El presidente portugués, Jorge Sampaio, optó finalmente ayer por dar continuidad en el Gobierno a la coalición de centro derecha, para solucionar la crisis creada días atrás por la dimisión de José Manuel Durao Barroso como primer ministro, que será nuevo titular de la Comisión Europea.
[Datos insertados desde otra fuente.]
(* Let $P$ be a probability measure on $(\Omega,\mathcal A)$, let $\delta\in(\tfrac12,1)$, and let $\bar{\mathbf C}\subseteq\bar{\mathcal A}$ be a C-class. If $\bar T(P,\delta)\subseteq\bar{\mathbf C}$, then $\bar T(P,\delta)\sim\bar{\mathbf C}$; equivalently, $\bar M_{\bar{\mathbf C}}=\bar P$ on $\bar{\mathcal A}$.
   Context: Let $(\Omega,\mathcal A)$ be a measurable space. For $n\ge1$, $\mathcal A^n$ is the product $\sigma$-algebra on $\Omega^n$; the extended event space is $\bar{\mathcal A}=\bigcup_{n\ge1}\mathcal A^n$, events tagged by their level $n$ (written $A^{(n)}$). For $k\ge1$, $(\Omega^n)^k$ is identified with $\Omega^{nk}$ and $(\mathcal A^n)^k$ with $\mathcal A^{nk}$. For a probability measure $P$ on $\mathcal A$, $P^n$ is its $n$-fold product, $\bar P(A^{(n)})=P^n(A^{(n)})$, and $\bar T(P,\delta)=\{A\in\bar{\mathcal A}:\bar P(A)\ge\delta\}$. For $A^{(n)}\in\mathcal A^n$, an interval $I\subseteq[0,1]$ and $k\in\mathbb N^+$, $S(A^{(n)},I,k)=\{(\omega_1,\dots,\omega_k)\in(\Omega^n)^k:\frac1k\sum_{i=1}^k\chi_{A^{(n)}}(\omega_i)\in I\}$. A class $\bar{\mathbf C}\subseteq\bar{\mathcal A}$ is a C-class if for every $n$ the component $\mathcal C^{(n)}=\bar{\mathbf C}\cap\mathcal A^n$ satisfies: $\Omega^n\in\mathcal C^{(n)}$; if $A\in\mathcal C^{(n)}$, $B\in\mathcal A^n$, $A\subseteq B$ then $B\in\mathcal C^{(n)}$; $\mathcal C^{(n)}$ contains no two disjoint events. "$S(A,I,k)\in\bar{\mathbf C}$ definitively" means there is $k_0$ with $S(A,I,k)\in\bar{\mathbf C}$ for all $k>k_0$. The C-measure of a C-class is $\bar M_{\bar{\mathbf C}}(A)=\sup\{\sigma\in[0,1]: S(A,[\sigma,1],k)\in\bar{\mathbf C}\text{ definitively}\}$. Two C-classes are (asymptotically) equivalent, $\bar{\mathbf C}_1\sim\bar{\mathbf C}_2$, if $\bar M_{\bar{\mathbf C}_1}=\bar M_{\bar{\mathbf C}_2}$. *)

theory Defs
  imports "HOL-Probability.Probability"
begin

text \<open>An element of the extended event space is a pair (n, A) with n \<ge> 1 and
A in the product sigma-algebra A^n on Omega^n; points of Omega^n are the
extensional functions on {..<n}.\<close>

definition prodM :: "'a measure \<Rightarrow> nat \<Rightarrow> (nat \<Rightarrow> 'a) measure" where
  "prodM M n = PiM {..<n} (\<lambda>_. M)"

definition ext_events :: "'a measure \<Rightarrow> (nat \<times> (nat \<Rightarrow> 'a) set) set" where
  "ext_events M = {(n, A). n \<ge> 1 \<and> A \<in> sets (prodM M n)}"

definition Pbar :: "'a measure \<Rightarrow> nat \<times> (nat \<Rightarrow> 'a) set \<Rightarrow> real" where
  "Pbar P e = measure (prodM P (fst e)) (snd e)"

definition Tbar :: "'a measure \<Rightarrow> real \<Rightarrow> (nat \<times> (nat \<Rightarrow> 'a) set) set" where
  "Tbar P \<delta> = {e \<in> ext_events P. Pbar P e \<ge> \<delta>}"

text \<open>Identification (Omega^n)^k = Omega^(nk): the i-th block of a point of Omega^(nk).\<close>
definition block :: "nat \<Rightarrow> (nat \<Rightarrow> 'a) \<Rightarrow> nat \<Rightarrow> (nat \<Rightarrow> 'a)" where
  "block n \<omega> i = restrict (\<lambda>j. \<omega> (i * n + j)) {..<n}"

definition Sset :: "'a measure \<Rightarrow> nat \<times> (nat \<Rightarrow> 'a) set \<Rightarrow> real set \<Rightarrow> nat
     \<Rightarrow> nat \<times> (nat \<Rightarrow> 'a) set" where
  "Sset M e I k = (fst e * k,
     {\<omega> \<in> space (prodM M (fst e * k)).
        (1 / real k) * (\<Sum>i<k. indicator (snd e) (block (fst e) \<omega> i)) \<in> I})"

definition C_class :: "'a measure \<Rightarrow> (nat \<times> (nat \<Rightarrow> 'a) set) set \<Rightarrow> bool" where
  "C_class M C \<longleftrightarrow> C \<subseteq> ext_events M \<and>
     (\<forall>n\<ge>1.
        (n, space (prodM M n)) \<in> C \<and>
        (\<forall>A B. (n, A) \<in> C \<longrightarrow> B \<in> sets (prodM M n) \<longrightarrow> A \<subseteq> B \<longrightarrow> (n, B) \<in> C) \<and>
        (\<forall>A B. (n, A) \<in> C \<longrightarrow> (n, B) \<in> C \<longrightarrow> A \<inter> B \<noteq> {}))"

definition definitively :: "(nat \<Rightarrow> bool) \<Rightarrow> bool" where
  "definitively Q \<longleftrightarrow> (\<exists>k0. \<forall>k>k0. Q k)"

definition C_measure :: "'a measure \<Rightarrow> (nat \<times> (nat \<Rightarrow> 'a) set) set
     \<Rightarrow> nat \<times> (nat \<Rightarrow> 'a) set \<Rightarrow> real" where
  "C_measure M C e = Sup {\<sigma> \<in> {0..1}. definitively (\<lambda>k. Sset M e {\<sigma>..1} k \<in> C)}"

definition C_equiv :: "'a measure \<Rightarrow> (nat \<times> (nat \<Rightarrow> 'a) set) set
     \<Rightarrow> (nat \<times> (nat \<Rightarrow> 'a) set) set \<Rightarrow> bool" where
  "C_equiv M C1 C2 \<longleftrightarrow> (\<forall>e \<in> ext_events M. C_measure M C1 e = C_measure M C2 e)"

end

theory Submission
  imports Defs
begin

text \<open>The k blocks of a point of \<Omega>^(nk) are independent and P^n-distributed, so by
Hoeffding's inequality the frequency with which they hit A concentrates at p = P^n(A): for
\<sigma> < p the event S(A,[\<sigma>,1],k), and for \<sigma> > p the disjoint event S(A,[0,\<sigma>),k), eventually
has probability at least \<delta> and hence lies in T(P,\<delta>) \<subseteq> C. Since C contains no two disjoint
events of the same level, S(A,[\<sigma>,1],k) lies in C definitively for every \<sigma> < p and for no
\<sigma> > p, so the C-measure of A is p. Because \<delta> > 1/2, T(P,\<delta>) itself contains no two disjoint
events, and the same argument applies to it.\<close>

lemma block_index_less: "i < (k::nat) \<Longrightarrow> j < n \<Longrightarrow> i * n + j < n * k"
proof -
  assume "i < k" "j < n"
  then have "i * n + j < Suc i * n" by simp
  also have "\<dots> \<le> k * n" using \<open>i < k\<close> by (intro mult_le_mono1) simp
  finally show ?thesis by (simp add: mult.commute)
qed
En un mensaje a la nación, Sampaio descartó la disolución del Parlamento y un adelanto de las legislativas, en aras de la "estabilidad nacional", y dijo que encargará formar un nuevo Ejecutivo a la coalición de centro derecha en el poder, encabezada por el líder centrista Pedro Santana Lopes.

Esta, formada por el centrista Partido Social Demócrata (PSD) y el derechista Partido Popular (CDS-PP), le garantizó la estabilidad y el cumplimiento del programa de Gobierno con el que ganó las elecciones de marzo de 2002.

Por ello, el presidente juzgó que la opción menos apropiada para el interés nacional era el adelanto de elecciones, que reclamaba la izquierda en pleno. En su anuncio, difundido por radio y televisión, Sampaio dijo que había tomado su decisión "por convicción y coherencia", pese a reconocer que no agradará a muchos portugués.